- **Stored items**
★ ★ ★ ★

text \<open>
  The function g^\<nu> is separable, g^\<nu>(x) = \<Sum>i. g_i(x_i), so its conjugate splits
  coordinatewise into \<Sum>i. g_i^*(w_i). The coordinate conjugate is 0 for i \<in> S0,
  h^*(w_i) - \<lambda> for i \<in> S1 and max (h^*(w_i) - \<lambda>) 0 for a free index; the last two
  rest on the fact that the supremum defining h^* may be taken over t \<noteq> 0 only, which
  follows from convexity of h, h(0) = 0 and a point s \<noteq> 0 of dom h (supplied by the
  accumulation hypothesis). Moving a free index into S0 therefore lowers the conjugate
  by \<phi>0(w_i), moving it into S1 lowers it by \<phi>1(w_i), and the identity for
  D^\<nu> = -f^*(-u) - (g^\<nu>)^*(A^T u) is extended-real bookkeeping.
\<close>

lemma sum_ereal_not_MInfty:
  fixes f :: "'a \<Rightarrow> ereal"
  shows "(\<And>i. i \<in> N \<Longrightarrow> f i \<noteq> -\<infinity>) \<Longrightarrow> sum f N \<noteq> -\<infinity>"
  by (induction N rule: infinite_finite_induct) auto

lemma ereal_minus_sum:
  fixes b :: "'a \<Rightarrow> ereal"
  assumes "finite N" "\<And>i. i \<in> N \<Longrightarrow> b i \<noteq> -\<infinity>"
  shows "ereal (\<Sum>i\<in>N. a i) - (\<Sum>i\<in>N. b i) = (\<Sum>i\<in>N. ereal (a i) - b i)"
  using assms
proof (induction N rule: finite_induct)
  case (insert n N)
  then have "b n \<noteq> -\<infinity>" "(\<Sum>i\<in>N. b i) \<noteq> -\<infinity>"
    by (auto intro!: sum_ereal_not_MInfty)
  then have "ereal (a n + (\<Sum>i\<in>N. a i)) - (b n + (\<Sum>i\<in>N. b i))
      = (ereal (a n) - b n) + (ereal (\<Sum>i\<in>N. a i) - (\<Sum>i\<in>N. b i))"
    by (cases "b n"; cases "\<Sum>i\<in>N. b i") auto
  with insert show ?case by simp
qed (simp add: zero_ereal_def)

lemma ereal_minus_eq_minus_add_add:
  fixes F C P R :: ereal
  assumes "C \<noteq> -\<infinity>" "0 \<le> P" "0 \<le> R" "R \<noteq> \<infinity>"
    and "\<not> (F - (C + P + R) = -\<infinity> \<and> P = \<infinity>)"
  shows "F - C = F - (C + P + R) + P + R"
  using assms by (cases F; cases C; cases P; cases R) auto

lemma sum_le_SUP_sum_vec_insert:
  fixes G :: "'n::finite \<Rightarrow> real \<Rightarrow> ereal"
  assumes "n \<notin> N"
  shows "(\<Sum>m\<in>N. G m (x$m)) + G n t \<le> (SUP x::real^'n. \<Sum>m\<in>insert n N. G m (x$m))"
proof -
  define y :: "real^'n" where "y = (\<chi> j. if j = n then t else x$j)"
  have "(\<Sum>m\<in>N. G m (y$m)) = (\<Sum>m\<in>N. G m (x$m))"
    using assms by (intro sum.cong) (auto simp: y_def)
  moreover have "(\<Sum>m\<in>insert n N. G m (y$m)) = G n (y$n) + (\<Sum>m\<in>N. G m (y$m))"
    using assms by (intro sum.insert) auto
  ultimately have "(\<Sum>m\<in>N. G m (x$m)) + G n t = (\<Sum>m\<in>insert n N. G m (y$m))"
    by (simp add: y_def add.commute)
  also have "\<dots> \<le> (SUP x::real^'n. \<Sum>m\<in>insert n N. G m (x$m))"
    by (rule SUP_upper) simp
  finally show ?thesis .
qed

lemma sum_SUP_le_SUP_sum_vec:
  fixes G :: "'n::finite \<Rightarrow> real \<Rightarrow> ereal"
  assumes not_MInfty: "\<And>i. \<exists>t. G i t \<noteq> -\<infinity>"
  shows "(\<Sum>n\<in>N. SUP t. G n t) \<le> (SUP x::real^'n. \<Sum>n\<in>N. G n (x$n))"
proof (induction N rule: infinite_finite_induct)
  case (insert n N)
  define T where "T = {t. G n t \<noteq> -\<infinity>}"
  define B where "B = (SUP x::real^'n. \<Sum>m\<in>N. G m (x$m))"
  define x0 :: "real^'n" where "x0 = (\<chi> i. SOME t. G i t \<noteq> -\<infinity>)"
  have x0: "G i (x0$i) \<noteq> -\<infinity>" for i
    unfolding x0_def using someI_ex[OF not_MInfty] by simp
  have "(\<Sum>m\<in>N. G m (x0$m)) \<le> B"
    unfolding B_def by (rule SUP_upper) simp
  then have B: "B \<noteq> -\<infinity>"
    using sum_ereal_not_MInfty[of N, OF x0] by auto
  have "T \<noteq> {}"
    using x0 unfolding T_def by blast
  have "(\<Sum>m\<in>insert n N. SUP t. G m t) = (SUP t. G n t) + (\<Sum>m\<in>N. SUP t. G m t)"
    by (rule sum.insert[OF insert.hyps])
  also have "\<dots> \<le> (SUP t\<in>T. G n t) + B"
  proof (rule add_mono)
    show "(SUP t. G n t) \<le> (SUP t\<in>T. G n t)"
    proof (rule SUP_least)
      show "G n t \<le> (SUP t\<in>T. G n t)" for t
        by (cases "G n t = -\<infinity>") (auto simp: T_def intro: SUP_upper)
    qed
    show "(\<Sum>m\<in>N. SUP t. G m t) \<le> B"
      unfolding B_def by (rule insert.IH)
  qed
  also have "\<dots> = (SUP t\<in>T. G n t + B)"
    using \<open>T \<noteq> {}\<close> B by (rule SUP_ereal_add_left[symmetric])
  also have "\<dots> \<le> (SUP x::real^'n. \<Sum>m\<in>insert n N. G m (x$m))"
  proof (rule SUP_least)
    fix t assume "t \<in> T"
    then have "G n t \<noteq> -\<infinity>"
      unfolding T_def by simp
    from SUP_ereal_le_addI[OF sum_le_SUP_sum_vec_insert[of n N G _ t, OF insert.hyps(2)] this]
    show "G n t + B \<le> (SUP x::real^'n. \<Sum>m\<in>insert n N. G m (x$m))"
      unfolding B_def by (subst add.commute)
  qed
  finally show ?case .
qed (auto simp: SUP_constant)

lemma SUP_sum_vec_separable:
  fixes G :: "'n::finite \<Rightarrow> real \<Rightarrow> ereal"
  assumes "\<And>i. \<exists>t. G i t \<noteq> -\<infinity>"
  shows "(SUP x::real^'n. \<Sum>i\<in>UNIV. G i (x$i)) = (\<Sum>i\<in>UNIV. SUP t. G i t)"
proof (rule antisym)
  show "(SUP x::real^'n. \<Sum>i\<in>UNIV. G i (x$i)) \<le> (\<Sum>i\<in>UNIV. SUP t. G i t)"
    by (intro SUP_least sum_mono SUP_upper) auto
  show "(\<Sum>i\<in>UNIV. SUP t. G i t) \<le> (SUP x::real^'n. \<Sum>i\<in>UNIV. G i (x$i))"
    using assms by (rule sum_SUP_le_SUP_sum_vec)
qed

★ ★ ★ ★

- **Exercise objective**
Look above for the line with "The function g^\<nu>" and the line with "coordinatewise into \<Sum>i.", and reproduce exactly those two lines plus every line between, nothing more.

- **Completed task**
  The function g^\<nu> is separable, g^\<nu>(x) = \<Sum>i. g_i(x_i), so its conjugate splits
  coordinatewise into \<Sum>i. g_i^*(w_i). The coordinate conjugate is 0 for i \<in> S0,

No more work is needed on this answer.